Nein und selbst wenn solltest du es des Aluradiators wegen nicht tun. Das Gehäuse ist für das gebotene übrigens viel zu teuer.


----------



## DerGisela (2. Februar 2018)

*AW: WaKü für 1080 ti Poseidon*

Nein aber mir sagt das Design und die Kühlmgl zu. Möchte ein intel i7 8700k auf ein z370 packen mit 16gb ram, einer kleinen ssd fürs Betriebssystem un paar dateien und eine hdd für spiele etc. Weiß das das gehäuse überteuert ist aber dennoch hab ich mich leider ins design verliebt weshalb nur das in frage kommt
Okay und könntest du mir eine einfache WaKü zusammen stellen die ich für die ti nutzen kann?


----------



## Krolgosh (2. Februar 2018)

*AW: WaKü für 1080 ti Poseidon*

Da du ja selbst sagst das du  im Thema Wakü noch nicht wirklich drin bist, möchte ich dir diesen Wasserkühlungsguide ans Herz legen. Da kannst du dich in die Materie einlesen.

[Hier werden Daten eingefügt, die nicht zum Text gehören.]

(* Let $n\ge2$ and let $\sigma$ be a $*$-representation of $\mathcal{E}_n$ on $\mathcal{H}$ with generators $S_i=\sigma(\mathfrak{s}_i)$. Then $S=(S_1,\dots,S_n)$ has a wandering vector if and only if there exists $X\in\mathcal{X}(\sigma)$ which is bounded below.
   Context: $\mathcal{E}_n$ is the universal C*-algebra generated by isometries $\mathfrak{s}_1,\dots,\mathfrak{s}_n$ with pairwise orthogonal ranges. A vector $\eta\in\mathcal{H}$ is wandering if $\{S_w\eta:w\in\mathbb{F}_n^+\}$ is orthonormal, where $\mathbb{F}_n^+$ is the free semigroup on $n$ letters and $S_w=S_{i_1}\cdots S_{i_k}$ for $w=i_1\cdots i_k$. $L_i$ are the left creation operators $L_i\xi_w=\xi_{iw}$ on the Fock space $\ell^2(\mathbb{F}_n^+)$. $\mathcal{X}(\sigma)$ is the set of bounded $X:\ell^2(\mathbb{F}_n^+)\to\mathcal{H}$ with $S_iX=XL_i$ for $1\le i\le n$. *)

theory Defs
  imports "HOL-Analysis.Analysis"
begin

class complex_vector = real_vector +
  fixes scaleC :: "complex \<Rightarrow> 'a \<Rightarrow> 'a"
  assumes scaleC_add_right: "scaleC a (x + y) = scaleC a x + scaleC a y"
    and scaleC_add_left: "scaleC (a + b) x = scaleC a x + scaleC b x"
    and scaleC_scaleC: "scaleC a (scaleC b x) = scaleC (a * b) x"
    and scaleC_one: "scaleC 1 x = x"
    and scaleR_scaleC: "scaleR r x = scaleC (complex_of_real r) x"

class complex_normed_vector = complex_vector + real_normed_vector +
  assumes norm_scaleC: "norm (scaleC a x) = cmod a * norm x"

class complex_inner = complex_normed_vector +
  fixes cinner :: "'a \<Rightarrow> 'a \<Rightarrow> complex"
  assumes cinner_commute: "cinner x y = cnj (cinner y x)"
    and cinner_add_left: "cinner (x + y) z = cinner x z + cinner y z"
    and cinner_scaleC_left: "cinner (scaleC r x) y = cnj r * cinner x y"
    and cinner_Re_nonneg: "0 \<le> Re (cinner x x)"
    and cinner_eq_zero_iff: "cinner x x = 0 \<longleftrightarrow> x = 0"
    and norm_eq_sqrt_cinner: "norm x = sqrt (Re (cinner x x))"

class chilbert_space = complex_inner + complete_space

definition clinear_op :: "('a::complex_vector \<Rightarrow> 'b::complex_vector) \<Rightarrow> bool" where
  "clinear_op T \<longleftrightarrow> (\<forall>x y. T (x + y) = T x + T y) \<and> (\<forall>c x. T (scaleC c x) = scaleC c (T x))"

definition isometry :: "('a::complex_inner \<Rightarrow> 'a) \<Rightarrow> bool" where
  "isometry T \<longleftrightarrow> clinear_op T \<and> (\<forall>x. norm (T x) = norm x)"

text \<open>A *-representation sigma of E_n on H is the same as an n-tuple
  S_0,...,S_(n-1) (S_i = sigma(s_i)) of isometries on H with pairwise orthogonal ranges
  (universal property of E_n). Generators are indexed 0..n-1.\<close>
definition En_rep :: "nat \<Rightarrow> (nat \<Rightarrow> 'a::complex_inner \<Rightarrow> 'a) \<Rightarrow> bool" where
  "En_rep n S \<longleftrightarrow> (\<forall>i<n. isometry (S i)) \<and>
     (\<forall>i<n. \<forall>j<n. i \<noteq> j \<longrightarrow> (\<forall>x y. cinner (S i x) (S j y) = 0))"

text \<open>Free semigroup F_n^+ on n letters: finite words (lists) over {0..<n}.\<close>
definition words :: "nat \<Rightarrow> nat list set" where
  "words n = {w. set w \<subseteq> {..<n}}"

definition S_word :: "(nat \<Rightarrow> 'a \<Rightarrow> 'a) \<Rightarrow> nat list \<Rightarrow> 'a \<Rightarrow> 'a" where
  "S_word S w = foldr (\<lambda>i T. S i \<circ> T) w id"

definition wandering :: "nat \<Rightarrow> (nat \<Rightarrow> 'a::complex_inner \<Rightarrow> 'a) \<Rightarrow> 'a \<Rightarrow> bool" where
  "wandering n S \<eta> \<longleftrightarrow>
     (\<forall>v\<in>words n. \<forall>w\<in>words n.
        cinner (S_word S v \<eta>) (S_word S w \<eta>) = (if v = w then 1 else 0))"

definition fock :: "nat \<Rightarrow> (nat list \<Rightarrow> complex) set" where
  "fock n = {f. (\<forall>w. w \<notin> words n \<longrightarrow> f w = 0) \<and>
                 (\<lambda>w. (cmod (f w))\<^sup>2) summable_on UNIV}"

definition fock_norm :: "(nat list \<Rightarrow> complex) \<Rightarrow> real" where
  "fock_norm f = sqrt (\<Sum>\<^sub>\<infinity>w. (cmod (f w))\<^sup>2)"

text \<open>L_i xi_w = xi_(iw).\<close>
definition Lcre :: "nat \<Rightarrow> (nat list \<Rightarrow> complex) \<Rightarrow> nat list \<Rightarrow> complex" where
  "Lcre i f w = (case w of [] \<Rightarrow> 0 | j # v \<Rightarrow> if j = i then f v else 0)"

definition bounded_fock_map :: "nat \<Rightarrow> ((nat list \<Rightarrow> complex) \<Rightarrow> 'a::complex_normed_vector) \<Rightarrow> bool" where
  "bounded_fock_map n X \<longleftrightarrow>
     (\<forall>f\<in>fock n. \<forall>g\<in>fock n. X (\<lambda>w. f w + g w) = X f + X g) \<and>
     (\<forall>c. \<forall>f\<in>fock n. X (\<lambda>w. c * f w) = scaleC c (X f)) \<and>
     (\<exists>K. \<forall>f\<in>fock n. norm (X f) \<le> K * fock_norm f)"

definition intertwiners :: "nat \<Rightarrow> (nat \<Rightarrow> 'a::complex_normed_vector \<Rightarrow> 'a)
      \<Rightarrow> ((nat list \<Rightarrow> complex) \<Rightarrow> 'a) set" where
  "intertwiners n S = {X. bounded_fock_map n X \<and>
     (\<forall>i<n. \<forall>f\<in>fock n. S i (X f) = X (Lcre i f))}"

definition bounded_below_fock :: "nat \<Rightarrow> ((nat list \<Rightarrow> complex) \<Rightarrow> 'a::real_normed_vector) \<Rightarrow> bool" where
  "bounded_below_fock n X \<longleftrightarrow> (\<exists>c>0. \<forall>f\<in>fock n. c * fock_norm f \<le> norm (X f))"

end

theory Submission
  imports Defs
begin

Um die Frage nochmal zu stellen, hast du die Poseidon schon? 
Ich persönlich find die Lösung nämlich alles andere als elegant.. wenn man eh schon Custom aufbauen muss, hast dann aber trotzdem noch einen zweiten Kreislauf im System (CPU) der nicht erweiterbar ist.


----------



## DerGisela (2. Februar 2018)

*AW: WaKü für 1080 ti Poseidon*

Danke werde es mir heute abend mal komplett durchlesen!!^^ 
Nein noch ist gar nichts gekauft. 
Also lieber eine komplette Custom WaKü nutzen anstatt 2 systeme(cpu und gpu)? 
Es wäte schön wenn wir bei dem Gehäuse und der Graka bleiben könnten aber bin auch für neues offen


----------



## DerGisela (2. Februar 2018)

*AW: WaKü für 1080 ti Poseidon*

An die Spezi's 
Wäre es mgl die fertige cpu wakü zu zerlegen und die matrix an eine custom anzuschließen?


----------



## HisN (2. Februar 2018)

*AW: WaKü für 1080 ti Poseidon*

Willst Du es wirklich einfach haben?

Aqua Computer Webshop -  airplex modularity system 480 mm, Alu-Lamellen, D5 Pumpe, Edelstahl-Seitenteile 33030

Oben auf den Rechner drauf, zwei Schläuche in den Rechner und ein Stromkabel raus. Fertig ist die Laube.


----------



## Krolgosh (2. Februar 2018)

*AW: WaKü für 1080 ti Poseidon*

Elegant is das aber auch nicht 

Noch einfacher ist, hol dir statt der Poseidon die EVGA GeForce GTX 1080 Ti FTW3 HYBRID. Wenn unbedingt Wasser im Spiel sein muss. 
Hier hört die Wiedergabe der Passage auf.